Variations in redundancy data between genotypes, obtained by mapping with Illumina reads, could be related to the stochasticity in read packages used for mapping, rather than to real differences in redundancy. To determine the extent of redundancy variation attributable to random sampling of reads, we produced six random subsets of Illumina reads from one wild accession (North Dakota), and then we mapped these reads to the reference library and counted the number of mapped reads. The maximum percent difference in the total number of mapped reads between subsets amounted to 0.14% (supplementary material S2, Supplementary Material online). Hence, we assumed 0.14% as a threshold value to compare LTR-RT frequency among the different genotypes: When two genotypes differed in LTR-RT frequency for more than the threshold, then their difference in LTR-RT redundancy was considered relevant. Differences between genotypes were generally larger than the threshold, indicating that differences in redundancy were biologically meaningful, not related to random sampling (fig. 2).

Interestingly, wild accessions have generally lower levels of LTR-RT redundancy compared with cultivars (fig. 2). In fact, 3 of the 4 genotypes with the lowest LTR-RT frequencies are wild accessions, and 3 of the 4 genotypes with the highest LTR-RT frequencies are cultivars. Furthermore, a dendrogram based on LTR-RT redundancy values separated significantly cultivated genotypes from wild accessions (fig. 3).

Fig. 3.—

Fig. 3.—

Unweighted pair group method with arithmetic mean dendrogram produced by a distance matrix based on LTR-RT redundancy in 15 sunflower genotypes (7 wild accessions and 8 cultivars). Numbers indicate multiscale bootstrap resampling (only values > 60% are given). The bar represents the genetic distance.

The number of mapped reads per million was also counted in all genotypes keeping the Gypsy- and Copia-related clusters separate and, at a family level, Chromovirus, Ogre/Tat, Athila, Maximus/SIRE, and AleII LTR-RTs, that is, the most redundant families.

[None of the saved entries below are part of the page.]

lemma is_norm_on_linear_le:
  fixes L :: "'b::euclidean_space \<Rightarrow> 'a::real_normed_vector ^ 'n::finite"
  assumes "is_norm_on N" "linear L"
  shows "N (L x) \<le> (\<Sum>b\<in>Basis. N (L b)) * norm x"
proof -
  have "L x = L (\<Sum>b\<in>Basis. (x \<bullet> b) *\<^sub>R b)"
    by (simp add: euclidean_representation)
  also have "\<dots> = (\<Sum>b\<in>Basis. (x \<bullet> b) *\<^sub>R L b)"
    by (simp add: linear_sum[OF assms(2)] linear_scale[OF assms(2)])
  finally have "L x = (\<Sum>b\<in>Basis. (x \<bullet> b) *\<^sub>R L b)" .
  then have "N (L x) \<le> (\<Sum>b\<in>Basis. N ((x \<bullet> b) *\<^sub>R L b))"
    using is_norm_on_sum[OF assms(1)] by simp
  also have "\<dots> = (\<Sum>b\<in>Basis. \<bar>x \<bullet> b\<bar> * N (L b))"
    using is_norm_on_scaleR[OF assms(1)] by simp
  also have "\<dots> \<le> (\<Sum>b\<in>Basis. norm x * N (L b))"
    by (intro sum_mono mult_right_mono Basis_le_norm is_norm_on_nonneg[OF assms(1)])
  finally show ?thesis
    by (simp add: sum_distrib_left mult.commute)
qed

lemma lipschitz_on_is_norm_on_linear:
  fixes L :: "'b::euclidean_space \<Rightarrow> 'a::real_normed_vector ^ 'n::finite"
  assumes "is_norm_on N" "linear L"
  shows "(\<Sum>b\<in>Basis. N (L b))-lipschitz_on S (\<lambda>t. N (L t))"
proof (rule lipschitz_onI)
  fix s t
  have "\<bar>N (L s) - N (L t)\<bar> \<le> N (L (s - t))"
    using is_norm_on_abs_diff_le[OF assms(1), of "L s" "L t"] by (simp add: linear_diff[OF assms(2)])
  also have "\<dots> \<le> (\<Sum>b\<in>Basis. N (L b)) * norm (s - t)"
    using assms by (rule is_norm_on_linear_le)
  finally show "dist (N (L s)) (N (L t)) \<le> (\<Sum>b\<in>Basis. N (L b)) * dist s t"
    by (simp add: dist_real_def dist_norm)
qed (simp add: sum_nonneg is_norm_on_nonneg[OF assms(1)])

lemma convex_on_is_norm_on_linear:
  assumes "is_norm_on N" "linear L" "convex S"
  shows "convex_on S (\<lambda>t. N (L t))"
  unfolding convex_on_def
proof (intro conjI ballI allI impI \<open>convex S\<close>)
  fix x y and a b :: real
  assume "0 \<le> a" "0 \<le> b"
  then show "N (L (a *\<^sub>R x + b *\<^sub>R y)) \<le> a * N (L x) + b * N (L y)"
    using is_norm_on_triangle[OF assms(1), of "a *\<^sub>R L x" "b *\<^sub>R L y"]
    by (simp add: linear_add[OF assms(2)] linear_scale[OF assms(2)] is_norm_on_scaleR[OF assms(1)])
qed

lemma strictly_convex_norm_triangle_eq:
  assumes "is_norm_on N" "strictly_convex_norm N" "x \<noteq> 0" "y \<noteq> 0"
    and "N (x + y) = N x + N y"
  shows "N y *\<^sub>R x = N x *\<^sub>R y"
proof (rule ccontr)
  assume not_parallel: "N y *\<^sub>R x \<noteq> N x *\<^sub>R y"
  have pos: "0 < N x" "0 < N y"
    using assms(3,4) is_norm_on_eq_0_iff[OF assms(1)] is_norm_on_nonneg[OF assms(1)]
    by (simp_all add: order_less_le)
  define p where "p = (1 / N x) *\<^sub>R x"
  define q where "q = (1 / N y) *\<^sub>R y"
  have unit: "N p = 1" "N q = 1"
    using pos by (simp_all add: p_def q_def is_norm_on_scaleR[OF assms(1)])
  have "p \<noteq> q"
  proof
    assume "p = q"
    then have "(N x * N y) *\<^sub>R p = (N x * N y) *\<^sub>R q" by simp
    with pos not_parallel show False by (simp add: p_def q_def)
  qed
  with assms(2) unit have mid: "N (p + q) < 2"
    unfolding strictly_convex_norm_def by blast
  define m where "m = min (N x) (N y)"
  have "x + y = N x *\<^sub>R p + N y *\<^sub>R q"
    using pos by (simp add: p_def q_def)
  also have "\<dots> = m *\<^sub>R (p + q) + (N x - m) *\<^sub>R p + (N y - m) *\<^sub>R q"
    by (simp add: algebra_simps)
  finally have "N (x + y) \<le> N (m *\<^sub>R (p + q)) + N ((N x - m) *\<^sub>R p) + N ((N y - m) *\<^sub>R q)"
    using is_norm_on_triangle[OF assms(1)] by (smt (verit))
  also have "\<dots> = m * N (p + q) + (N x - m) * N p + (N y - m) * N q"
    using pos by (simp add: m_def is_norm_on_scaleR[OF assms(1)])
  also have "\<dots> < N x + N y"
    using mid unit pos by (simp add: m_def)
  finally show False using assms(5) by simp
qed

First, the maximum percentage of variation was calculated among the six randomly produced read packages of the North Dakota accession, as above, for each superfamily or family (supplementary material S2, Supplementary Material online); then, these values were used as threshold to compare frequencies of different superfamilies and families. It is to be noted that the largest maximum percent variation due to random sampling was for the Ogre/Tat family and corresponded to less than 0.5%.

This allowed us to define the level of redundancy of the different LTR-RT superfamilies and families (fig. 4), and even different clusters, collected in the library, in all the genotypes studied.

Fig. 4.—

Fig. 4.—

Redundancy of Gypsy and Copia superfamilies (A) and families (B) in the 15 genotypes analyzed. Bars not sharing the same letter are to be considered as different according to a threshold indicating the extent of differences related to random sampling of reads (see Materials and Methods). The respective genome proportion of the superfamily or family is reported inside brackets.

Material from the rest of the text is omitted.